## Task instructions
Go through the entries one line at a time, and gather every line that has the word "fastforce".

## Material provided
theorem lemma2p1:
  fixes u :: "real^'n \<Rightarrow> real" and U :: "(real^'n) set" and m :: nat
  assumes "open U" and "smooth_on U u" and "x \<in> U"
  shows "laplacian (\<lambda>y. ((1 + norm y ^ 2) / 2) ^ (m + 1) * (laplacian ^^ m) u y) x
         + real m * (real m + 1) * ((1 + norm x ^ 2) / 2) powi (int m - 1) * (laplacian ^^ m) u x
         = ((1 + norm x ^ 2) / 2) ^ m
           * (laplacian ^^ (m + 1)) (\<lambda>y. (1 + norm y ^ 2) / 2 * u y) x"
proof -
  define v where "v = (laplacian ^^ m) u"
  define W where "W = weight x"
  have key: "real m * W ^ (m - 1) * norm x ^ 2 + real m * W powi (int m - 1) = 2 * real m * W ^ m"
    unfolding W_def by (cases m) (simp_all add: power_int_of_nat algebra_simps)
  have lhs: "laplacian (\<lambda>y. weight y ^ (m + 1) * v y) x
    = W ^ (m + 1) * laplacian v x + 2 * real (m + 1) * W ^ m * euler_operator v x
      + real (m + 1) * (real m * W ^ (m - 1) * norm x ^ 2 + real CARD('n) * W ^ m) * v x"
    unfolding W_def v_def
    by (rule laplacian_weight_power_mult[OF assms(1) smooth_on_laplacian_iterate[OF assms(1,2)] assms(3)])
  have rhs: "(laplacian ^^ (m + 1)) (\<lambda>y. weight y * u y) x
    = W * laplacian v x + real (m + 1) * (2 * euler_operator v x + (real CARD('n) + 2 * real m) * v x)"
    unfolding W_def v_def using laplacian_iterate_weight_mult[OF assms, of m] by simp
  have "laplacian (\<lambda>y. weight y ^ (m + 1) * v y) x + real m * (real m + 1) * W powi (int m - 1) * v x
    = W ^ (m + 1) * laplacian v x + 2 * real (m + 1) * W ^ m * euler_operator v x
      + real (m + 1) * (real m * W ^ (m - 1) * norm x ^ 2 + real m * W powi (int m - 1)
        + real CARD('n) * W ^ m) * v x"
    unfolding lhs by (simp add: algebra_simps)
  also have "\<dots> = W ^ m * (laplacian ^^ (m + 1)) (\<lambda>y. weight y * u y) x"
    unfolding key rhs by (simp add: algebra_simps)
  finally show ?thesis
    unfolding v_def W_def .
qed

end
lemma taylor_liftn_imp_rlift:
  "taylor r (liftn n k M) \<Longrightarrow> \<exists>s. r = rlift n k s \<and> taylor s M"
proof (induction r arbitrary: M k)
  case (RVar i)
  then show ?case
    by (cases M) (auto simp: taylor_lterm_iff intro: taylor.intros)
next
  case (RLam r)
  then obtain N where "M = LLam N" "taylor r (liftn n (Suc k) N)"
    by (cases M) (auto simp: taylor_lterm_iff)
  moreover obtain s where "r = rlift n (Suc k) s" "taylor s N"
    using RLam.IH calculation(2) by blast
  ultimately show ?case
    by (intro exI[of _ "RLam s"]) (auto intro: taylor.intros)
next
  case (RApp r rs)
  then obtain A B where M: "M = LApp A B"
    and r: "taylor r (liftn n k A)" and rs: "\<forall>t\<in>#rs. taylor t (liftn n k B)"
    by (cases M) (auto simp: taylor_lterm_iff)
  obtain s where "r = rlift n k s" "taylor s A"
    using RApp.IH(1)[OF r] by blast
  moreover obtain ss where "rs = image_mset (rlift n k) ss" "\<forall>s\<in>#ss. taylor s B"
    using ex_image_mset_preimage[of rs "rlift n k" "\<lambda>s. taylor s B"] RApp.IH(2) rs by blast
  ultimately show ?case
    unfolding M by (intro exI[of _ "RApp s ss"]) (auto intro: taylor.intros)
qed

lemma taylor_rsub:
  "rsub s k ts r \<Longrightarrow> taylor s N \<Longrightarrow> \<forall>t\<in>#ts. taylor t P \<Longrightarrow> taylor r (subst N k P)"
  and taylor_rsubb:
  "rsubb us k ts rs \<Longrightarrow> \<forall>u\<in>#us. taylor u N \<Longrightarrow> \<forall>t\<in>#ts. taylor t P \<Longrightarrow>
     \<forall>r\<in>#rs. taylor r (subst N k P)"
  by (induction arbitrary: N and N rule: rsub_rsubb.inducts)
    (auto simp: taylor_rterm_iff intro: taylor.intros taylor_rlift)

lemma rsubb_of_rsub:
  assumes "\<forall>r\<in>#rs. \<exists>s ts. A s \<and> (\<forall>t\<in>#ts. B t) \<and> rsub s k ts r"
  shows "\<exists>us ts. (\<forall>u\<in>#us. A u) \<and> (\<forall>t\<in>#ts. B t) \<and> rsubb us k ts rs"
  using assms
proof (induction rs)
  case empty
  show ?case
    by (intro exI[of _ "{#}"]) (auto intro: rsubb_empty)
next
  case (add r rs)
  have "\<forall>r\<in>#rs. \<exists>s ts. A s \<and> (\<forall>t\<in>#ts. B t) \<and> rsub s k ts r"
    using add.prems by simp
  then obtain us ts where us: "\<forall>u\<in>#us. A u" "\<forall>t\<in>#ts. B t" "rsubb us k ts rs"
    using add.IH by blast
  obtain s ts' where s: "A s" "\<forall>t\<in>#ts'. B t" "rsub s k ts' r"
    using add.prems by (meson union_single_eq_member)
  have "rsubb (add_mset s us) k (ts' + ts) (add_mset r rs)"
    using s(3) us(3) by (rule rsubb_add)
  moreover have "\<forall>u\<in>#add_mset s us. A u" "\<forall>t\<in>#ts' + ts. B t"
    using us s by auto
  ultimately show ?case
    by blast
qed

lemma taylor_subst_imp_rsub:
  "taylor r (subst N k P) \<Longrightarrow> \<exists>s ts. taylor s N \<and> (\<forall>t\<in>#ts. taylor t P) \<and> rsub s k ts r"
proof (induction r arbitrary: N k rule: measure_induct_rule[where f = size])
  case (less r)
  show ?case
  proof (cases N)
    case (LVar j)
    show ?thesis
    proof (cases "j = k")
      case True
      then obtain t where "r = rlift k 0 t" "taylor t P"
        using less.prems LVar taylor_liftn_imp_rlift by fastforce
      then show ?thesis
        using LVar True
        by (intro exI[of _ "RVar k"] exI[of _ "{#t#}"]) (auto simp: taylor_lterm_iff intro: rsub_var_eq)
    next
      case False
      then show ?thesis
        using less.prems LVar rsub_var_neq[OF False]
        by (intro exI[of _ "RVar j"] exI[of _ "{#}"]) (auto simp: taylor_lterm_iff)
    qed
  next
    case (LLam N')
    then obtain r' where r: "r = RLam r'" "taylor r' (subst N' (Suc k) P)"
      using less.prems by (auto simp: taylor_lterm_iff)
    then show ?thesis
      using less.IH[of r'] LLam by (fastforce intro: taylor.intros rsub_lam)
  next
    case (LApp A B)
    then obtain r' rs where r: "r = RApp r' rs" and r': "taylor r' (subst A k P)"
      and rs: "\<forall>t\<in>#rs. taylor t (subst B k P)"
      using less.prems by (auto simp: taylor_lterm_iff)
    obtain s ts where "taylor s A" "\<forall>t\<in>#ts. taylor t P" "rsub s k ts r'"
      using less.IH[OF _ r'] r by auto
    moreover have "\<forall>t\<in>#rs. \<exists>s ts. taylor s B \<and> (\<forall>t\<in>#ts. taylor t P) \<and> rsub s k ts t"
      using less.IH rs size_lt_RApp_arg unfolding r by blast
    then obtain us ts' where "\<forall>u\<in>#us. taylor u B" "\<forall>t\<in>#ts'. taylor t P" "rsubb us k ts' rs"
      by (rule rsubb_of_rsub[THEN exE]) blast
    ultimately show ?thesis
      unfolding r LApp
      by (intro exI[of _ "RApp s us"] exI[of _ "ts + ts'"]) (auto intro: taylor.intros rsub_app)
  qed
qed

lemma taylor_H_of_Hr1: "taylor s M \<Longrightarrow> r \<in> Hr1 s \<Longrightarrow> taylor r (H M)"
proof (induction s M arbitrary: r rule: taylor.induct)
  case (3 s M ts N)
  show ?case
  proof (cases M)
    case (LVar i)
    then show ?thesis using 3 by (auto simp: taylor_lterm_iff)
  next
    case (LLam N')
    then show ?thesis using 3 by (auto simp: taylor_lterm_iff intro: taylor_rsub)
  next
    case (LApp P1 P2)
    then show ?thesis using 3 by (auto simp: taylor_lterm_iff intro: taylor.intros)
  qed
qed (auto intro: taylor.intros)

lemma lterm_head_cases:
  obtains i where "M = LVar i"
  | N where "M = LLam N"
  | N Q where "M = LApp (LLam N) Q"
  | i Q where "M = LApp (LVar i) Q"
  | P1 P2 Q where "M = LApp (LApp P1 P2) Q"
  by (metis lterm.exhaust)

lemma taylor_H_imp_Hr1: "taylor r (H M) \<Longrightarrow> \<exists>s. taylor s M \<and> r \<in> Hr1 s"
proof (induction r arbitrary: M rule: measure_induct_rule[where f = size])
  case (less r)
  show ?case
  proof (cases M rule: lterm_head_cases)
    case (1 i)
    then show ?thesis
      using less.prems by (intro exI[of _ r]) (auto simp: taylor_lterm_iff intro: taylor.intros)
  next
    case (2 N)
    then obtain r' where r: "r = RLam r'" "taylor r' (H N)"
      using less.prems by (auto simp: taylor_lterm_iff)
    then obtain s where "taylor s N" "r' \<in> Hr1 s"
      using less.IH[of r'] by auto
    then show ?thesis
      using r 2 by (intro exI[of _ "RLam s"]) (auto intro: taylor.intros)
  next
    case (3 N Q)
    then obtain s ts where "taylor s N" "\<forall>t\<in>#ts. taylor t Q" "rsub s 0 ts r"
      using less.prems taylor_subst_imp_rsub by fastforce
    then show ?thesis
      using 3 by (intro exI[of _ "RApp (RLam s) ts"]) (auto intro: taylor.intros)
  next
    case (4 i Q)
    then show ?thesis
      using less.prems by (intro exI[of _ r]) (auto simp: taylor_lterm_iff)
  next
    case (5 P1 P2 Q)
    then obtain r' ts where r: "r = RApp r' ts" "taylor r' (H (LApp P1 P2))" "\<forall>t\<in>#ts. taylor t Q"
      using less.prems by (auto simp: taylor_lterm_iff)
    then obtain s where s: "taylor s (LApp P1 P2)" "r' \<in> Hr1 s"
      using less.IH[of r'] by auto
    then obtain s1 us where "s = RApp s1 us"
      by (auto simp: taylor_lterm_iff)
    then show ?thesis
      using r s 5 by (intro exI[of _ "RApp s ts"]) (auto intro: taylor.intros)
  qed
qed

theorem mainTheorem9:
  fixes M :: lterm
  assumes "lam001 M"
  shows "Hr (T M) = T (H M)"
proof
  show "Hr (T M) \<subseteq> T (H M)"
    unfolding Hr_def T_def using taylor_H_of_Hr1 by blast
  show "T (H M) \<subseteq> Hr (T M)"
    unfolding Hr_def T_def using taylor_H_imp_Hr1 by blast
qed

end
(* Let $A$ and $B$ be differential rings and $\nu\colon A\to B$ a differential homomorphism. Suppose $B$ is differentially generated over $\nu(A)$ by finitely many elements $\eta_1,\ldots,\eta_m$, and that for each generator $\eta_j$ there exist $b_1,\ldots,b_n\in A$ (depending on $j$) such that $\nu(b_k)\eta_j\in\nu(A)$ for all $k$ and $\{b_1,\ldots,b_n\}=A$. Then the contraction map $\nu^*\colon\operatorname{Spec}^\Delta B\to V(\ker\nu)$, $\mathfrak q\mapsto \nu^{-1}(\mathfrak q)$, is a homeomorphism, where $V(\ker\nu)\subseteq\operatorname{Spec}^\Delta A$ carries the subspace topology.
   Context: All rings are commutative with unit; homomorphisms preserve the unit. A differential ring is a ring equipped with finitely many pairwise commuting derivations; a differential homomorphism is a ring homomorphism commuting with the derivations. $B$ is differentially generated over $\nu(A)$ by $\eta_1,\dots,\eta_m$ if $B$ is the smallest differential subring of $B$ containing $\nu(A)$ and $\eta_1,\dots,\eta_m$. For a differential ring $A$, $\operatorname{Spec}^\Delta A$ is the set of prime ideals of $A$ closed under all the derivations (prime differential ideals); for $E\subseteq A$, $V(E)$ is the set of prime differential ideals containing $E$, and the sets $V(E)$ are the closed sets of the Kolchin topology on $\operatorname{Spec}^\Delta A$. For $E\subseteq A$, $\{E\}$ denotes the smallest radical differential ideal of $A$ containing $E$. *)

theory Defs
  imports "HOL-Analysis.Abstract_Topology"
begin

definition derivation :: "('a::comm_ring_1 \<Rightarrow> 'a) \<Rightarrow> bool" where
  "derivation d \<longleftrightarrow> (\<forall>x y. d (x + y) = d x + d y) \<and> (\<forall>x y. d (x * y) = x * d y + d x * y)"

definition diff_ring :: "('i::finite \<Rightarrow> 'a::comm_ring_1 \<Rightarrow> 'a) \<Rightarrow> bool" where
  "diff_ring D \<longleftrightarrow> (\<forall>i. derivation (D i)) \<and> (\<forall>i j x. D i (D j x) = D j (D i x))"

definition ring_hom_fun :: "('a::comm_ring_1 \<Rightarrow> 'b::comm_ring_1) \<Rightarrow> bool" where
  "ring_hom_fun f \<longleftrightarrow> f 1 = 1 \<and> (\<forall>x y. f (x + y) = f x + f y) \<and> (\<forall>x y. f (x * y) = f x * f y)"

definition diff_hom :: "('i \<Rightarrow> 'a::comm_ring_1 \<Rightarrow> 'a) \<Rightarrow> ('i \<Rightarrow> 'b::comm_ring_1 \<Rightarrow> 'b) \<Rightarrow> ('a \<Rightarrow> 'b) \<Rightarrow> bool" where
  "diff_hom DA DB f \<longleftrightarrow> ring_hom_fun f \<and> (\<forall>i x. f (DA i x) = DB i (f x))"

definition is_ideal :: "'a::comm_ring_1 set \<Rightarrow> bool" where
  "is_ideal I \<longleftrightarrow> 0 \<in> I \<and> (\<forall>x\<in>I. \<forall>y\<in>I. x + y \<in> I) \<and> (\<forall>x\<in>I. - x \<in> I) \<and> (\<forall>r. \<forall>x\<in>I. r * x \<in> I)"

definition is_prime_ideal :: "'a::comm_ring_1 set \<Rightarrow> bool" where
  "is_prime_ideal P \<longleftrightarrow> is_ideal P \<and> P \<noteq> UNIV \<and> (\<forall>x y. x * y \<in> P \<longrightarrow> x \<in> P \<or> y \<in> P)"

definition diff_closed :: "('i \<Rightarrow> 'a \<Rightarrow> 'a) \<Rightarrow> 'a set \<Rightarrow> bool" where
  "diff_closed D S \<longleftrightarrow> (\<forall>i. \<forall>x\<in>S. D i x \<in> S)"

definition is_radical :: "'a::comm_ring_1 set \<Rightarrow> bool" where
  "is_radical I \<longleftrightarrow> (\<forall>x n. x ^ n \<in> I \<longrightarrow> x \<in> I)"

definition diff_spec :: "('i \<Rightarrow> 'a::comm_ring_1 \<Rightarrow> 'a) \<Rightarrow> 'a set set" where
  "diff_spec D = {P. is_prime_ideal P \<and> diff_closed D P}"

definition diff_V :: "('i \<Rightarrow> 'a::comm_ring_1 \<Rightarrow> 'a) \<Rightarrow> 'a set \<Rightarrow> 'a set set" where
  "diff_V D E = {P \<in> diff_spec D. E \<subseteq> P}"

definition kolchin_topology :: "('i \<Rightarrow> 'a::comm_ring_1 \<Rightarrow> 'a) \<Rightarrow> 'a set topology" where
  "kolchin_topology D = topology (\<lambda>U. \<exists>E. U = diff_spec D - diff_V D E)"

text \<open>{E}: the smallest radical differential ideal containing E.\<close>
definition rad_diff_ideal_gen :: "('i \<Rightarrow> 'a::comm_ring_1 \<Rightarrow> 'a) \<Rightarrow> 'a set \<Rightarrow> 'a set" where
  "rad_diff_ideal_gen D E = \<Inter>{I. is_ideal I \<and> diff_closed D I \<and> is_radical I \<and> E \<subseteq> I}"

definition diff_subring :: "('i \<Rightarrow> 'a::comm_ring_1 \<Rightarrow> 'a) \<Rightarrow> 'a set \<Rightarrow> bool" where
  "diff_subring D S \<longleftrightarrow> 1 \<in> S \<and> (\<forall>x\<in>S. \<forall>y\<in>S. x + y \<in> S \<and> x * y \<in> S) \<and> (\<forall>x\<in>S. - x \<in> S)
      \<and> diff_closed D S"

definition diff_subring_gen :: "('i \<Rightarrow> 'a::comm_ring_1 \<Rightarrow> 'a) \<Rightarrow> 'a set \<Rightarrow> 'a set" where
  "diff_subring_gen D X = \<Inter>{S. diff_subring D S \<and> X \<subseteq> S}"

end

theory Submission imports Defs begin

(* For a prime differential ideal p of A call x \<in> B a p-fraction if
   \<nu>(c) x \<in> \<nu>(A) for some c \<notin> p.  The p-fractions form a differential subring of B
   (quotient rule), and the hypothesis on the generators \<eta>_j puts every \<eta>_j into it:
   since {b_1,...,b_n} = A, not all b_k lie in the radical differential ideal p.  Hence
   every element of B is a p-fraction, i.e. B embeds into the localisation of \<nu>(A) at p.
   In that situation the contraction q \<mapsto> \<nu>\<inverse>(q) has an explicit inverse, the extension
   p \<mapsto> {x. \<nu>(c) x = \<nu>(a) for some c \<notin> p, a \<in> p}, and both maps pull Kolchin-closed sets
   back to Kolchin-closed sets, so the contraction is a homeomorphism onto V(ker \<nu>). *)

lemma ideal_zero: "is_ideal I \<Longrightarrow> 0 \<in> I" by (simp add: is_ideal_def)
lemma ideal_add: "is_ideal I \<Longrightarrow> x \<in> I \<Longrightarrow> y \<in> I \<Longrightarrow> x + y \<in> I" by (simp add: is_ideal_def)
lemma ideal_neg: "is_ideal I \<Longrightarrow> x \<in> I \<Longrightarrow> - x \<in> I" by (simp add: is_ideal_def)
lemma ideal_lmul: "is_ideal I \<Longrightarrow> x \<in> I \<Longrightarrow> r * x \<in> I" by (simp add: is_ideal_def)
lemma ideal_rmul: "is_ideal I \<Longrightarrow> x \<in> I \<Longrightarrow> x * r \<in> I" by (metis ideal_lmul mult.commute)
lemma ideal_diff: "is_ideal I \<Longrightarrow> x \<in> I \<Longrightarrow> y \<in> I \<Longrightarrow> x - y \<in> I"
  by (metis ideal_add ideal_neg diff_conv_add_uminus)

## Output for this exercise
        using less.prems LVar taylor_liftn_imp_rlift by fastforce
      using less.IH[of r'] LLam by (fastforce intro: taylor.intros rsub_lam)
      using less.prems taylor_subst_imp_rsub by fastforce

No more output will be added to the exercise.